Task data START
lemma collinear_central_proj_iff:
  fixes a u w z :: "'a::real_inner"
  assumes "a \<bullet> u \<noteq> 0" "a \<bullet> w \<noteq> 0" "a \<bullet> z \<noteq> 0" "w \<notin> span {u}"
  shows "collinear {central_proj a u, central_proj a w, central_proj a z} \<longleftrightarrow> z \<in> span {u, w}"
proof -
  have "central_proj a u \<noteq> central_proj a w" using assms central_proj_eq_iff by blast
  then have "collinear {central_proj a u, central_proj a w, central_proj a z} \<longleftrightarrow>
      (\<exists>\<alpha> \<beta>. central_proj a z = \<alpha> *\<^sub>R central_proj a u + \<beta> *\<^sub>R central_proj a w \<and> \<alpha> + \<beta> = 1)"
    by (auto simp: collinear_3_affine_hull affine_hull_2)
  also have "\<dots> \<longleftrightarrow> z \<in> span {u, w}"
  proof
    assume "\<exists>\<alpha> \<beta>. central_proj a z = \<alpha> *\<^sub>R central_proj a u + \<beta> *\<^sub>R central_proj a w \<and> \<alpha> + \<beta> = 1"
    then obtain \<alpha> \<beta> where eq: "central_proj a z = \<alpha> *\<^sub>R central_proj a u + \<beta> *\<^sub>R central_proj a w"
      by blast
    have "z = (a \<bullet> z) *\<^sub>R central_proj a z" using assms(3) by (simp add: central_proj_def)
    also have "\<dots> = ((a \<bullet> z) * \<alpha> / (a \<bullet> u)) *\<^sub>R u + ((a \<bullet> z) * \<beta> / (a \<bullet> w)) *\<^sub>R w"
      unfolding eq by (simp add: central_proj_def scaleR_add_right)
    finally show "z \<in> span {u, w}" unfolding span_pair_iff by blast
  next
    assume "z \<in> span {u, w}"
    then obtain \<alpha> \<beta> where z: "z = \<alpha> *\<^sub>R u + \<beta> *\<^sub>R w" unfolding span_pair_iff by blast
    then have "a \<bullet> z = \<alpha> * (a \<bullet> u) + \<beta> * (a \<bullet> w)" by (simp add: inner_add_right)
    then have "central_proj a z = (\<alpha> * (a \<bullet> u) / (a \<bullet> z)) *\<^sub>R central_proj a u
        + (\<beta> * (a \<bullet> w) / (a \<bullet> z)) *\<^sub>R central_proj a w
      \<and> \<alpha> * (a \<bullet> u) / (a \<bullet> z) + \<beta> * (a \<bullet> w) / (a \<bullet> z) = 1"
      using assms z by (simp add: central_proj_def add_divide_distrib[symmetric] scaleR_add_right)
    then show "\<exists>\<alpha> \<beta>. central_proj a z = \<alpha> *\<^sub>R central_proj a u + \<beta> *\<^sub>R central_proj a w \<and> \<alpha> + \<beta> = 1"
      by blast
  qed
  finally show ?thesis .
qed

section \<open>Balanced configurations contain antipodal pairs\<close>

definition pos_count :: "('i \<Rightarrow> 'a::real_inner) \<Rightarrow> 'a \<Rightarrow> 'i set \<Rightarrow> nat" where
  "pos_count v a X = card {x \<in> X. 0 < a \<bullet> v x}"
Task data END
> About this exercise: Your task is to reproduce the records in full, without any alteration.

> Solution:
lemma collinear_central_proj_iff:
  fixes a u w z :: "'a::real_inner"
  assumes "a \<bullet> u \<noteq> 0" "a \<bullet> w \<noteq> 0" "a \<bullet> z \<noteq> 0" "w \<notin> span {u}"
  shows "collinear {central_proj a u, central_proj a w, central_proj a z} \<longleftrightarrow> z \<in> span {u, w}"
proof -
  have "central_proj a u \<noteq> central_proj a w" using assms central_proj_eq_iff by blast
  then have "collinear {central_proj a u, central_proj a w, central_proj a z} \<longleftrightarrow>
      (\<exists>\<alpha> \<beta>. central_proj a z = \<alpha> *\<^sub>R central_proj a u + \<beta> *\<^sub>R central_proj a w \<and> \<alpha> + \<beta> = 1)"
    by (auto simp: collinear_3_affine_hull affine_hull_2)
  also have "\<dots> \<longleftrightarrow> z \<in> span {u, w}"
  proof
    assume "\<exists>\<alpha> \<beta>. central_proj a z = \<alpha> *\<^sub>R central_proj a u + \<beta> *\<^sub>R central_proj a w \<and> \<alpha> + \<beta> = 1"
    then obtain \<alpha> \<beta> where eq: "central_proj a z = \<alpha> *\<^sub>R central_proj a u + \<beta> *\<^sub>R central_proj a w"
      by blast
    have "z = (a \<bullet> z) *\<^sub>R central_proj a z" using assms(3) by (simp add: central_proj_def)
    also have "\<dots> = ((a \<bullet> z) * \<alpha> / (a \<bullet> u)) *\<^sub>R u + ((a \<bullet> z) * \<beta> / (a \<bullet> w)) *\<^sub>R w"
      unfolding eq by (simp add: central_proj_def scaleR_add_right)
    finally show "z \<in> span {u, w}" unfolding span_pair_iff by blast
  next
    assume "z \<in> span {u, w}"
    then obtain \<alpha> \<beta> where z: "z = \<alpha> *\<^sub>R u + \<beta> *\<^sub>R w" unfolding span_pair_iff by blast
    then have "a \<bullet> z = \<alpha> * (a \<bullet> u) + \<beta> * (a \<bullet> w)" by (simp add: inner_add_right)
    then have "central_proj a z = (\<alpha> * (a \<bullet> u) / (a \<bullet> z)) *\<^sub>R central_proj a u
        + (\<beta> * (a \<bullet> w) / (a \<bullet> z)) *\<^sub>R central_proj a w
      \<and> \<alpha> * (a \<bullet> u) / (a \<bullet> z) + \<beta> * (a \<bullet> w) / (a \<bullet> z) = 1"
      using assms z by (simp add: central_proj_def add_divide_distrib[symmetric] scaleR_add_right)
    then show "\<exists>\<alpha> \<beta>. central_proj a z = \<alpha> *\<^sub>R central_proj a u + \<beta> *\<^sub>R central_proj a w \<and> \<alpha> + \<beta> = 1"
      by blast
  qed
  finally show ?thesis .
qed

section \<open>Balanced configurations contain antipodal pairs\<close>

definition pos_count :: "('i \<Rightarrow> 'a::real_inner) \<Rightarrow> 'a \<Rightarrow> 'i set \<Rightarrow> nat" where
  "pos_count v a X = card {x \<in> X. 0 < a \<bullet> v x}"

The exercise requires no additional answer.